Saved data entries
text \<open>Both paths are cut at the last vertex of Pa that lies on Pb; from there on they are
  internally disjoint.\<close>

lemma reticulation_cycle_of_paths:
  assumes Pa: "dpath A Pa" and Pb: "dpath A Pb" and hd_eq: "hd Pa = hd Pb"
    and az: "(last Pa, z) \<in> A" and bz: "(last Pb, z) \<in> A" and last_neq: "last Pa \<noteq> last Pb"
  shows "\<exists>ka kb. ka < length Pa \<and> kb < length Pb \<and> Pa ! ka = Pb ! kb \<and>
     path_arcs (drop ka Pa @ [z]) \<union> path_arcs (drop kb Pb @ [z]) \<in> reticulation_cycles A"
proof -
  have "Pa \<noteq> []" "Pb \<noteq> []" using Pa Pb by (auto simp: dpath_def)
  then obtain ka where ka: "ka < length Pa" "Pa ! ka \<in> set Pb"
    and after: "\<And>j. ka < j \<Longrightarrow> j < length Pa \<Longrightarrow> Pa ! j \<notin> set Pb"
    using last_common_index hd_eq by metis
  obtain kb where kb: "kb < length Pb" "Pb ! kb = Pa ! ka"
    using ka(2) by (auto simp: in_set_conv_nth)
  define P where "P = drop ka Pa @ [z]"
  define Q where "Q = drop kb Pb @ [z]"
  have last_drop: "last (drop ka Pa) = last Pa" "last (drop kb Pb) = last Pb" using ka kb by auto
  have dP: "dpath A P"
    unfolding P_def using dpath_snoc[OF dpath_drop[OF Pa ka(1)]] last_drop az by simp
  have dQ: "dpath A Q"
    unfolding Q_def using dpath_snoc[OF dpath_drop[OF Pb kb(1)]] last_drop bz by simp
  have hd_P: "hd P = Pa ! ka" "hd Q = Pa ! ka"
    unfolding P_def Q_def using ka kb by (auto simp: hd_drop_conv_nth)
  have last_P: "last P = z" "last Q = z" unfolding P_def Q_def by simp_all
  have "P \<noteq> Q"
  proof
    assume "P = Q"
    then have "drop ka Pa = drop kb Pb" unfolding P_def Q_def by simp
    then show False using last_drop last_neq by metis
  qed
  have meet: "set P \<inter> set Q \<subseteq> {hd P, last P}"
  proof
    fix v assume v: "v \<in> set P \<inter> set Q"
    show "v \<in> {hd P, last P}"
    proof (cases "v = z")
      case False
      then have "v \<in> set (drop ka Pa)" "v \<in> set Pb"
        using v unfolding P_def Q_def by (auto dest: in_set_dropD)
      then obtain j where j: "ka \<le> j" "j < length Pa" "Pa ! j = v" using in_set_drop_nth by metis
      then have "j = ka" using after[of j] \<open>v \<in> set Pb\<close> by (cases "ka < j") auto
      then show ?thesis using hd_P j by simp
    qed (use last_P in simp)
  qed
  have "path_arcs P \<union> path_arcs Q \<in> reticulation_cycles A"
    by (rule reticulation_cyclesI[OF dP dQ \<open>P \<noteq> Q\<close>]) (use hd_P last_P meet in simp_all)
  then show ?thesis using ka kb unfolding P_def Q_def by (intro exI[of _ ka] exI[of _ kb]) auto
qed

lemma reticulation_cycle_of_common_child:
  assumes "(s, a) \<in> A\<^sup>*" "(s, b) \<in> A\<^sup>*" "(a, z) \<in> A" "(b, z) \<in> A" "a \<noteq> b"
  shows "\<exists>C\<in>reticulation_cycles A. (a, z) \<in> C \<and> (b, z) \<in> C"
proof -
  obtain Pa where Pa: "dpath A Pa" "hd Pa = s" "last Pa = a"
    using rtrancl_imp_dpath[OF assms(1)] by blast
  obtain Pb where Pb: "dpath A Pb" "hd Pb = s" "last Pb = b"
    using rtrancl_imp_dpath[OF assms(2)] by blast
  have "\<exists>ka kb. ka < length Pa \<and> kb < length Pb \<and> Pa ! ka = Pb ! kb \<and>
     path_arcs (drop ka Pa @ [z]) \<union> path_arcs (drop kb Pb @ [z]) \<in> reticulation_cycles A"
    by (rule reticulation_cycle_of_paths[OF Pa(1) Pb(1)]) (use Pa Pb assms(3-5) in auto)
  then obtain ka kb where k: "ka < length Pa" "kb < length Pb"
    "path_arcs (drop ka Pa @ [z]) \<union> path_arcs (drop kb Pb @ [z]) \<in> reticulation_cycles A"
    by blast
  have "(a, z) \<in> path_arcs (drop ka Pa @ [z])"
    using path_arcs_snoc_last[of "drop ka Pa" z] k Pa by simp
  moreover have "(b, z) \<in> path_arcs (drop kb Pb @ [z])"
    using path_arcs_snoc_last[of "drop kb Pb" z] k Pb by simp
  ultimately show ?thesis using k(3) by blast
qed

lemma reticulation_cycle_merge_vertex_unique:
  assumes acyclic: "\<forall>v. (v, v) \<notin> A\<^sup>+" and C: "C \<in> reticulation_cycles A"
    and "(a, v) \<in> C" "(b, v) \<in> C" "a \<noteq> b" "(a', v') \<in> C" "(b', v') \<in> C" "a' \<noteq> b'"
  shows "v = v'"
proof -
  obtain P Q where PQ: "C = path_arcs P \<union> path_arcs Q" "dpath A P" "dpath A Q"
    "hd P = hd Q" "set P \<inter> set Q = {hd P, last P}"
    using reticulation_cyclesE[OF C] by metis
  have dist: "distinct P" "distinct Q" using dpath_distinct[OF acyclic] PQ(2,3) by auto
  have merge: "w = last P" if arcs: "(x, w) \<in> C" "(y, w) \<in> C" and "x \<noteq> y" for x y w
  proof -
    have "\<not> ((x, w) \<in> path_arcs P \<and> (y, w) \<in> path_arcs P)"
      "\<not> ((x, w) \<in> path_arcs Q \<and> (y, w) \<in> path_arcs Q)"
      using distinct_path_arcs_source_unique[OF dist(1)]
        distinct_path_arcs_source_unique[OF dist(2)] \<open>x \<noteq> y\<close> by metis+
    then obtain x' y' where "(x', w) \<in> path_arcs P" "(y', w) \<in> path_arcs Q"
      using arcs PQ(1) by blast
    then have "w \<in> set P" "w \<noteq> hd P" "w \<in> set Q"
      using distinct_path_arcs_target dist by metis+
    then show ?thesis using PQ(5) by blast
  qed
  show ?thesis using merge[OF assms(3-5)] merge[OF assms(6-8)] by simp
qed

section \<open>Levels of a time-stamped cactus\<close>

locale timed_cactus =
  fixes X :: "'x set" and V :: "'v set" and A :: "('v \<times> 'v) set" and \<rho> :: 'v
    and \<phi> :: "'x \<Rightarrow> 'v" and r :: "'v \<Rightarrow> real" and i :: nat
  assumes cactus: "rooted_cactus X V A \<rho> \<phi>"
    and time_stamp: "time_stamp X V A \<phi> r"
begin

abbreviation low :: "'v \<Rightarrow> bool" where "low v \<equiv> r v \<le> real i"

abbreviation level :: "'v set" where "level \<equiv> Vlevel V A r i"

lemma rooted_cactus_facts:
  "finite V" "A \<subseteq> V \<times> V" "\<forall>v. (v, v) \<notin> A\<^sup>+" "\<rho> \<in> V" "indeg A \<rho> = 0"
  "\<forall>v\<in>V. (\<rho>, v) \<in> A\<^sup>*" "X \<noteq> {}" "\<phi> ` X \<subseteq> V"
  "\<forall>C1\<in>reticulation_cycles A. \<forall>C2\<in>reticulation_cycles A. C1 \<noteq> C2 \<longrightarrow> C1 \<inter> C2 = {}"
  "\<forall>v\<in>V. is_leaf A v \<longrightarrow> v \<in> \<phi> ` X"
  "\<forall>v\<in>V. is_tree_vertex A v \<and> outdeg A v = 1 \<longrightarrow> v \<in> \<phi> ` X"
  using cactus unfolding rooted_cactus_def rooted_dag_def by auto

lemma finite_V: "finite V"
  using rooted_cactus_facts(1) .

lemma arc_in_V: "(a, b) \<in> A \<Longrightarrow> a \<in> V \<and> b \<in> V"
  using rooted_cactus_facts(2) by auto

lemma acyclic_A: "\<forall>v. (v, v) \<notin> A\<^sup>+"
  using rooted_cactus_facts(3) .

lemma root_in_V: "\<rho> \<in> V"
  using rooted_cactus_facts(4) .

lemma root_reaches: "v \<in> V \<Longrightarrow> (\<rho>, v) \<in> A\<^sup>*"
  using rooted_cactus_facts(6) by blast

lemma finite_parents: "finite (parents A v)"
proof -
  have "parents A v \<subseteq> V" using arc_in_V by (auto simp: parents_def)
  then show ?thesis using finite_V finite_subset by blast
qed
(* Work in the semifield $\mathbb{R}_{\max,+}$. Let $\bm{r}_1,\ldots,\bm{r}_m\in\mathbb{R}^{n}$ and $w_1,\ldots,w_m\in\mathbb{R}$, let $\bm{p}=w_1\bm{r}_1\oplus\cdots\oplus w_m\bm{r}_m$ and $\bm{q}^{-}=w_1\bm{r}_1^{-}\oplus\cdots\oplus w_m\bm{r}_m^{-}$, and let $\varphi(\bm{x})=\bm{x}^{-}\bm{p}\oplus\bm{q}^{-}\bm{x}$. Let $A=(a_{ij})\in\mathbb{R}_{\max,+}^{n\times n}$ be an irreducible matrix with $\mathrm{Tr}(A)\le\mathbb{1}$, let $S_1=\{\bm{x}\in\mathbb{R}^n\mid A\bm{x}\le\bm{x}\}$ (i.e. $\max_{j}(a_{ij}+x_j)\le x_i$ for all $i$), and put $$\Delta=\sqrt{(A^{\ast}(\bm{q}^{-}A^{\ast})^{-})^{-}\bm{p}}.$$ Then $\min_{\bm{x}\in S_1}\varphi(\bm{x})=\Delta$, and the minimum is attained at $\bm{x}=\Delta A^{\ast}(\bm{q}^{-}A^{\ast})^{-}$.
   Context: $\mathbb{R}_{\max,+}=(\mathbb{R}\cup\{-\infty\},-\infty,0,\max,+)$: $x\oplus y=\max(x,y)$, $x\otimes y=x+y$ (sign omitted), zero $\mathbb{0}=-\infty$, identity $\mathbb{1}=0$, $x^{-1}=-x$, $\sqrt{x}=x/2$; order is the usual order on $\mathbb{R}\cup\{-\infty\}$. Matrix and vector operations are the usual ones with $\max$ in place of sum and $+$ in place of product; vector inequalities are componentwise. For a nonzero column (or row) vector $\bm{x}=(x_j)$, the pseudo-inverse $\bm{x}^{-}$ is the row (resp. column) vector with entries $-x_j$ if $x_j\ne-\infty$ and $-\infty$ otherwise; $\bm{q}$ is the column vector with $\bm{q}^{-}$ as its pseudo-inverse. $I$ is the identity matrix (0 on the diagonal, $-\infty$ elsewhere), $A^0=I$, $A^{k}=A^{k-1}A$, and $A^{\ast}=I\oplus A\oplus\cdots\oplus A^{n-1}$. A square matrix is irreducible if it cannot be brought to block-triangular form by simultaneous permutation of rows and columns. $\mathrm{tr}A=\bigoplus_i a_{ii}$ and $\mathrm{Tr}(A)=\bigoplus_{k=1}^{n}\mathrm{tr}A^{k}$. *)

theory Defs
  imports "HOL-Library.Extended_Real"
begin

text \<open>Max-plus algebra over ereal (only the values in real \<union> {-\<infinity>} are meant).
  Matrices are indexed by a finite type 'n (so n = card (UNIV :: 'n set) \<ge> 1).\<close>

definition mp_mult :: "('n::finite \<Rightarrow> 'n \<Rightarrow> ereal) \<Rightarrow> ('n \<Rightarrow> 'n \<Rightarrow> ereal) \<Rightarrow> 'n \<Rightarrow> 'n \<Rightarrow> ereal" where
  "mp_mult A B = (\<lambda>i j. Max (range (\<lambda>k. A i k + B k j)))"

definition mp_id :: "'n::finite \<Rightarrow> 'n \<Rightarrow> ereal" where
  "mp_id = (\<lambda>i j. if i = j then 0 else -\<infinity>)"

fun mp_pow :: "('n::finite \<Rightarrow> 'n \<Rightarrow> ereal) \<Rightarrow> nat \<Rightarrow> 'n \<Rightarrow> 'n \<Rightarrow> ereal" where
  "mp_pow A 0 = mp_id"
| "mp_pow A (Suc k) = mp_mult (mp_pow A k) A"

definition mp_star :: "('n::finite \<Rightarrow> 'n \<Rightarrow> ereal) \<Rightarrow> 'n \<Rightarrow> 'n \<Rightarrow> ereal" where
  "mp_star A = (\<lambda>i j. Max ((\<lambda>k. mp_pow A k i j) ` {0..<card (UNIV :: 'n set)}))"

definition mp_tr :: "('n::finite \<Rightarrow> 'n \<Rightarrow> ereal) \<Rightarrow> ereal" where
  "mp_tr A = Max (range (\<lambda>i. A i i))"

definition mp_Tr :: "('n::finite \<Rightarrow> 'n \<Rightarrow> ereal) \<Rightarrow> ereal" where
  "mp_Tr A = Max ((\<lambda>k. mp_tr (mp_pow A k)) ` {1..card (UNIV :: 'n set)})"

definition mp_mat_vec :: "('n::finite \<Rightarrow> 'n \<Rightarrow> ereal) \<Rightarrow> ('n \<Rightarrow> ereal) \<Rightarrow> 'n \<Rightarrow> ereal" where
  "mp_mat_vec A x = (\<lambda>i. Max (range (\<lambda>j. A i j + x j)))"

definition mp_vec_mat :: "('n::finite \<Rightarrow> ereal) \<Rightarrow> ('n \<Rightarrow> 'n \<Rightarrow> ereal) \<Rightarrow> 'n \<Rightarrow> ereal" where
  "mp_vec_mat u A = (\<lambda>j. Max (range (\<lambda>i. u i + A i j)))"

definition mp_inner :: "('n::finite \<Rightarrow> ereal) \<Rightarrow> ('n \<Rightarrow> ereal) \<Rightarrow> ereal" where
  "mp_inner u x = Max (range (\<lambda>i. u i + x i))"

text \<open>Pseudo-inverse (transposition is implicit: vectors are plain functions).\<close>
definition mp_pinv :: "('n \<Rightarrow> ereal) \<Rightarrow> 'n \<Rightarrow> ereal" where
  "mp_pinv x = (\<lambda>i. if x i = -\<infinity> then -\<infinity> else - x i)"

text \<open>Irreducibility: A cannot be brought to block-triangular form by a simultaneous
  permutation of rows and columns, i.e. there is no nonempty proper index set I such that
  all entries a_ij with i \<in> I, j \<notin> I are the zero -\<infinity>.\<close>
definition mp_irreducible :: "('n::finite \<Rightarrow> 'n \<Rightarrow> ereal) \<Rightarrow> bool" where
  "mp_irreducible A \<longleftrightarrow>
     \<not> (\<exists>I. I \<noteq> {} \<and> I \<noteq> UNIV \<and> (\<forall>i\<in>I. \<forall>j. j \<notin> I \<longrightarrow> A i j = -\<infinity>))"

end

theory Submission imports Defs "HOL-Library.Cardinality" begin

• _Action item_
Send back an exact copy of only the lines from the line with "Q_def by simp_all" up to and including the line with "then obtain j" in the data above.

• _Finished exercise_
  have last_P: "last P = z" "last Q = z" unfolding P_def Q_def by simp_all
  have "P \<noteq> Q"
  proof
    assume "P = Q"
    then have "drop ka Pa = drop kb Pb" unfolding P_def Q_def by simp
    then show False using last_drop last_neq by metis
  qed
  have meet: "set P \<inter> set Q \<subseteq> {hd P, last P}"
  proof
    fix v assume v: "v \<in> set P \<inter> set Q"
    show "v \<in> {hd P, last P}"
    proof (cases "v = z")
      case False
      then have "v \<in> set (drop ka Pa)" "v \<in> set Pb"
        using v unfolding P_def Q_def by (auto dest: in_set_dropD)
      then obtain j where j: "ka \<le> j" "j < length Pa" "Pa ! j = v" using in_set_drop_nth by metis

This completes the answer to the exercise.